The Hurwitz automorphism problem and its “translation surface” versión.

Abstract: 

In 1893, Hurwitz showed that a compact Riemann surface of genus g ≥ 2 has at most 84(g-1) automorphisms. This bound is optimal for an infinite family of genera but there is also an infinite family of genera for which the bound is not optimal. The Hurwitz automorphism problem consists in finding the optimal bound for every genus, and apart from partial results in specific cases it is far from being solved. In this talk we will explain the first sentence of this abstract and give a geometric intuition for the result. On the way, I will discuss a similar problem for translation surfaces.

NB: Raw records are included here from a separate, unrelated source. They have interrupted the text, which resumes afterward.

lemma le_up_to_sublinear_avg_SUP:
  assumes le: "le_up_to_sublinear u v" and bdd: "\<And>T. 0 \<le> T \<Longrightarrow> bdd_above (v ` {0..T})"
    and "e > 0"
  shows "eventually (\<lambda>T. (1/T) * (SUP t\<in>{0..T}. u t) \<le> (1/T) * (SUP t\<in>{0..T}. v t) + e) at_top"
proof -
  have "eventually (\<lambda>T. T > 0 \<and> (\<forall>t\<in>{0..T}. u t \<le> v t + e * T)) at_top"
    using le \<open>e > 0\<close> by (simp add: le_up_to_sublinear_def eventually_conj_iff eventually_gt_at_top)
  then show ?thesis
  proof (rule eventually_mono, elim conjE)
    fix T assume "T > 0" and uv: "\<forall>t\<in>{0..T}. u t \<le> v t + e * T"
    have "(SUP t\<in>{0..T}. u t) \<le> (SUP t\<in>{0..T}. v t) + e * T"
    proof (rule cSUP_least)
      show "{0..T} \<noteq> {}" using \<open>T > 0\<close> by simp
      fix t assume t: "t \<in> {0..T}"
      have "v t \<le> (SUP t\<in>{0..T}. v t)" using bdd \<open>T > 0\<close> t by (intro cSUP_upper) auto
      then show "u t \<le> (SUP t\<in>{0..T}. v t) + e * T" using uv t by fastforce
    qed
    then show "(1/T) * (SUP t\<in>{0..T}. u t) \<le> (1/T) * (SUP t\<in>{0..T}. v t) + e"
      using \<open>T > 0\<close> by (simp add: field_simps)
  qed
qed

lemma le_up_to_sublinear_div:
  assumes "le_up_to_sublinear u v" and "e > 0"
  shows "eventually (\<lambda>t. u t / t \<le> v t / t + e) at_top"
proof -
  have "eventually (\<lambda>T. T > 0 \<and> (\<forall>t\<in>{0..T}. u t \<le> v t + e * T)) at_top"
    using assms by (simp add: le_up_to_sublinear_def eventually_conj_iff eventually_gt_at_top)
  then show ?thesis by (rule eventually_mono) (auto simp: field_simps)
qed

lemma Limsup_sum_avg_SUP_mono:
  assumes "finite I" and "\<And>i. i \<in> I \<Longrightarrow> le_up_to_sublinear (u i) (v i)"
    and "\<And>i T. i \<in> I \<Longrightarrow> 0 \<le> T \<Longrightarrow> bdd_above (v i ` {0..T})"
  shows "Limsup at_top (\<lambda>T. ereal (\<Sum>i\<in>I. (1/T) * (SUP t\<in>{0..T}. u i t)))
    \<le> Limsup at_top (\<lambda>T. ereal (\<Sum>i\<in>I. (1/T) * (SUP t\<in>{0..T}. v i t)))"
  using assms by (intro Limsup_sum_mono_eps le_up_to_sublinear_avg_SUP) auto

lemma Limsup_sum_max_rho_mono:
  assumes "finite I" and "\<And>i. i \<in> I \<Longrightarrow> le_up_to_sublinear (\<lambda>t. \<Sum>p\<in>Q. c i p * tau \<sigma> p t) (v i)"
  shows "Limsup at_top (\<lambda>t. ereal (\<Sum>i\<in>I. max (\<Sum>p\<in>Q. c i p * rho \<sigma> p t) 0))
    \<le> Limsup at_top (\<lambda>t. ereal (\<Sum>i\<in>I. max ((1/t) * v i t) 0))"
proof (rule Limsup_sum_mono_eps)
  fix i and e :: real assume "i \<in> I" and "e > 0"
  have "eventually (\<lambda>t. 0 < t \<and> (\<Sum>p\<in>Q. c i p * tau \<sigma> p t) / t \<le> v i t / t + e) at_top"
    using le_up_to_sublinear_div[OF assms(2)[OF \<open>i \<in> I\<close>] \<open>e > 0\<close>]
    by (simp add: eventually_conj_iff eventually_gt_at_top)
  then show "eventually (\<lambda>t. max (\<Sum>p\<in>Q. c i p * rho \<sigma> p t) 0 \<le> max ((1/t) * v i t) 0 + e) at_top"
    by (rule eventually_mono) (use \<open>e > 0\<close> in \<open>auto simp: rho_def sum_divide_distrib max_def\<close>)
qed (use assms in auto)

lemma list_ex_bracketing_index:
  fixes ts :: "real list"
  assumes "ts \<noteq> []" and "hd ts \<le> s" and "s < last ts"
  shows "\<exists>j < length ts - 1. ts!j \<le> s \<and> s < ts!(j+1)"
  using assms
proof (induction ts)
  case Nil
  then show ?case by simp
next
  case (Cons x rest)
  show ?case
  proof (cases "rest = [] \<or> s < hd rest")
    case True
    then show ?thesis using Cons.prems by (cases rest) (auto intro!: exI[of _ 0])
  next
    case False
    then obtain j where "j < length rest - 1" "rest!j \<le> s" "s < rest!(j+1)"
      using Cons.IH Cons.prems by auto
    then show ?thesis using False by (auto intro!: exI[of _ "Suc j"])
  qed
qed

lemma switching_signal_mode_set_sets:
  assumes "switching_signal P \<sigma>"
  shows "{0..T} \<inter> {s. \<sigma> s = p} \<in> sets lborel"
proof -
  have "\<bar>T\<bar> + 1 > 0" by simp
  then obtain ts :: "real list" where ts: "ts \<noteq> []" "hd ts = 0" "last ts = \<bar>T\<bar> + 1"
    and const: "\<forall>j < length ts - 1. \<forall>s \<in> {ts!j..<ts!(j+1)}. \<sigma> s = \<sigma> (ts!j)"
    using assms unfolding switching_signal_def by blast
  define U where "U = (\<Union>j\<in>{j. j < length ts - 1 \<and> \<sigma> (ts!j) = p}. {ts!j..<ts!(j+1)})"
  have "{0..<\<bar>T\<bar> + 1} \<inter> {s. \<sigma> s = p} = {0..<\<bar>T\<bar> + 1} \<inter> U"
  proof (intro equalityI subsetI)
    fix s assume s: "s \<in> {0..<\<bar>T\<bar> + 1} \<inter> {s. \<sigma> s = p}"
    then have "hd ts \<le> s" "s < last ts" using ts(2,3) by auto
    then obtain j where j: "j < length ts - 1" "ts!j \<le> s" "s < ts!(j+1)"
      using list_ex_bracketing_index[OF ts(1)] by blast
    have "\<sigma> s = \<sigma> (ts!j)" using j by (intro const[rule_format]) auto
    then have "\<sigma> (ts!j) = p" using s by simp
    then have "s \<in> U" unfolding U_def using j by (intro UN_I[of j]) auto
    then show "s \<in> {0..<\<bar>T\<bar> + 1} \<inter> U" using s by blast
  next
    fix s assume s: "s \<in> {0..<\<bar>T\<bar> + 1} \<inter> U"
    then obtain j where j: "j < length ts - 1" "\<sigma> (ts!j) = p" "s \<in> {ts!j..<ts!(j+1)}"
      unfolding U_def by blast
    have "\<sigma> s = \<sigma> (ts!j)" using j by (intro const[rule_format]) auto
    then have "\<sigma> s = p" using j(2) by simp
    then show "s \<in> {0..<\<bar>T\<bar> + 1} \<inter> {s. \<sigma> s = p}" using s by blast
  qed
  moreover have "{0..T} \<subseteq> {0..<\<bar>T\<bar> + 1}" by auto
  ultimately have "{0..T} \<inter> {s. \<sigma> s = p} = {0..T} \<inter> U" by blast
  moreover have "U \<in> sets lborel" unfolding U_def by (intro sets.finite_UN) auto
  ultimately show ?thesis by simp
qed

lemma mode_set_fmeasurable:
  assumes "switching_signal P \<sigma>"
  shows "{0..t} \<inter> {s. \<sigma> s = p} \<in> fmeasurable lborel"
  using switching_signal_mode_set_sets[OF assms]
  by (intro fmeasurableI2[OF fmeasurable_compact[OF compact_Icc, of 0 t]]) auto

Translation surfaces can be seen a Riemann surfaces with an additional structure, and an automorphism of a translation surface must preserve this additional structure: in particular, there are even less automorphisms and a compact translation surface of genus g ≥ 2 has at most 4(g-1) automorphisms. This last bound was obtained by J.C. Schlage-Puchta and G. Weitze-Schmidhüsen in 2013, and they also show that the bound is optimal if and only if g-1 is either even or a multiple of 3. In a joint work with R.Gutierrez-Romo and E.Lanneau, we study the other cases and provide the optimal bound for example when g = pq+1 with p,q ≥ 5 prime numbers.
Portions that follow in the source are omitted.